Шрифт:
Интервал:
Закладка:
Города я не знал, увидел его впервые. Артамонов на прощание назвал небольшую, скромную гостиницу, в которой – как я позже узнал – Якушев остановился в свой последний приезд за границу. Оттуда, часов в одиннадцать, я по телефону спросил Кутепова, когда к нему можно явиться. Он ответил:
– Немедленно…
Дверь в его квартиру мне открыл казак в синей косоворотке, рейтузах и начищенных до блеска высоких сапогах. Он провел меня в небольшой кабинет сквозь комнату, где у накрытого стола толпились гости с тарелками и рюмками в руках.
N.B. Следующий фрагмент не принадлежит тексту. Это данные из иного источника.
(* Let $K_t(\omega)$ be a weighted complete graph on $[t]$. Suppose $K_t(\omega)$ contains $p$ copies of $C_5$, $q$ copies of $K_4$, $r$ copies of $K_3$ and $s$ single edges, such that all these $p+q+r+s$ subgraphs are pairwise vertex-disjoint and each of them is half (every edge of each of these subgraphs has weight $\frac12$). Then $$2g(K_t(\omega))\le 1-\frac{30}{30t-75p-72q-45r-20s}.$$
   Context: A weighted complete graph $K_t(\omega)$ is the complete graph on vertex set $[t]$ in which every edge $ij$ has a weight $\omega(i,j)\in\{\frac12,1\}$; an edge is called half if its weight is $\frac12$ and full if its weight is $1$, and a subgraph is half if all its edges are half. Its edge density is $g(K_t(\omega))=\max_{\mathbf u}\sum_{1\le i<j\le t}\omega(i,j)u_iu_j$, the maximum taken over all $\mathbf u=(u_1,\dots,u_t)$ with $u_i\ge 0$ and $\sum_i u_i=1$. *)

theory Defs
  imports Complex_Main
begin

definition weighted_complete_graph :: "nat \<Rightarrow> (nat \<Rightarrow> nat \<Rightarrow> real) \<Rightarrow> bool" where
  "weighted_complete_graph t \<omega> \<longleftrightarrow>
     (\<forall>i\<in>{1..t}. \<forall>j\<in>{1..t}. i \<noteq> j \<longrightarrow> \<omega> i j = \<omega> j i \<and> \<omega> i j \<in> {1/2, 1})"

definition simplex :: "nat \<Rightarrow> (nat \<Rightarrow> real) set" where
  "simplex t = {u. (\<forall>i\<in>{1..t}. 0 \<le> u i) \<and> (\<Sum>i=1..t. u i) = 1}"

text \<open>Edge density g(K_t(omega)) = max over the simplex of sum_{i<j} omega(i,j) u_i u_j
  (the maximum is attained by compactness, so it equals the supremum).\<close>
definition edge_density :: "nat \<Rightarrow> (nat \<Rightarrow> nat \<Rightarrow> real) \<Rightarrow> real" where
  "edge_density t \<omega> =
     Sup ((\<lambda>u. \<Sum>i=1..t. \<Sum>j=i+1..t. \<omega> i j * u i * u j) ` simplex t)"

definition half_C5 :: "nat \<Rightarrow> (nat \<Rightarrow> nat \<Rightarrow> real) \<Rightarrow> (nat \<Rightarrow> nat) \<Rightarrow> bool" where
  "half_C5 t \<omega> c \<longleftrightarrow> inj_on c {0..<5} \<and> c ` {0..<5} \<subseteq> {1..t} \<and>
     (\<forall>j<5. \<omega> (c j) (c ((j + 1) mod 5)) = 1/2)"

definition half_clique :: "nat \<Rightarrow> (nat \<Rightarrow> nat \<Rightarrow> real) \<Rightarrow> nat \<Rightarrow> nat set \<Rightarrow> bool" where
  "half_clique t \<omega> k A \<longleftrightarrow> A \<subseteq> {1..t} \<and> card A = k \<and>
     (\<forall>i\<in>A. \<forall>j\<in>A. i \<noteq> j \<longrightarrow> \<omega> i j = 1/2)"

end

theory Submission
  imports Defs "HOL-Library.Disjoint_Sets" "HOL-Analysis.Convex"
begin

text \<open>
  For u in the simplex, 1 - 2 sum_{i<j} w(i,j) u_i u_j is the sum over all vertices i of the
  deficit u_i^2 + sum_{j /= i} (1 - w(i,j)) u_i u_j, all of whose terms are nonnegative.
  Say that a vertex set B has cost a if 2 l u(B) - a l^2 is at most the deficit of B for every
  real l. Keeping only the half edges inside B, a single vertex has cost 1, a half K_k has cost
  2k/(k+1) (by Cauchy-Schwarz) and a half C_5 has cost 5/2 (its deficit dominates half the sum
  of (u_a + u_b - l)^2 over its edges). Partitioning [t] into the given subgraphs and the
  remaining single vertices, the total deficit is at least 2 l - D l^2 with
  D = t - 5p/2 - 12q/5 - 3r/2 - 2s/3, and l = 1/D gives the bound 1/D.
\<close>

lemma two_mul_le_scaled_squares:
  fixes l m c :: real
  assumes "0 < c"
  shows "2 * l * m \<le> c * m\<^sup>2 + l\<^sup>2 / c"
proof -
  have "0 \<le> (c * m - l)\<^sup>2 / c" using assms by simp
  also have "\<dots> = c * m\<^sup>2 + l\<^sup>2 / c - 2 * l * m"
    using assms by (simp add: power2_eq_square field_simps)
  finally show ?thesis by simp
qed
Только тогда я вспомнил, что попал к начальнику боевой организации в первый день Пасхи.
Он не заставил ждать, вошел в кабинет, поздоровался приветливо и дважды внимательно прочитал письмо Потапова. Он задал затем несколько коротких вопросов о Радковиче и его товарищах и отпустил меня, сказав, что продолжит разговор на следующий день, у себя на дому. Однако мы увиделись не там.
Вечером мне доставили в гостиницу письмо, написанное крупным, четким почерком, признаком сильной и властной воли: «Многоуважаемый Сергей Львович, Завтра в 12 ч. 30 м. дня я должен быть на панихиде в русской церкви на rue Daru, куда и прошу Вас приехать в 1 час 20 мин. Совсем забыл, что завтра пятидесятилетие Русско-Турецкой кампании. Уважающий Вас А. Кутепов».
Исполняя это указание, я, несколько раньше назначенного времени, вошел 25 апреля в хорошо мне известный понаслышке парижский храм.
Он был полон. Литургия только что кончилась. Молящиеся подходили под благословение служившего в этот день митрополита Евлогия. В очереди к амвону я неожиданно увидел рядом со мной знакомое лицо Шульгина.
Изменила ли ему память, когда он, вероятно, не раз давал чекистам показания о русских эмигрантах, связанных с «Трестом», или Никулин в «Мертвой зыби» исказил его слова, но в этой советской истории великой провокации сказано: «В Париже, на рю Дарю, в соборе Александра Невского, в воскресенье, во время литургии, кто-то тронул за локоть Шульгина. Он оглянулся и увидел знакомого ему по Варшаве Артамонова. Тот поманил его, и, когда они вышли на паперть, Артамонов сказал:
– Все пропало. «Трест» пропал. Кутепов просил вас тотчас приехать.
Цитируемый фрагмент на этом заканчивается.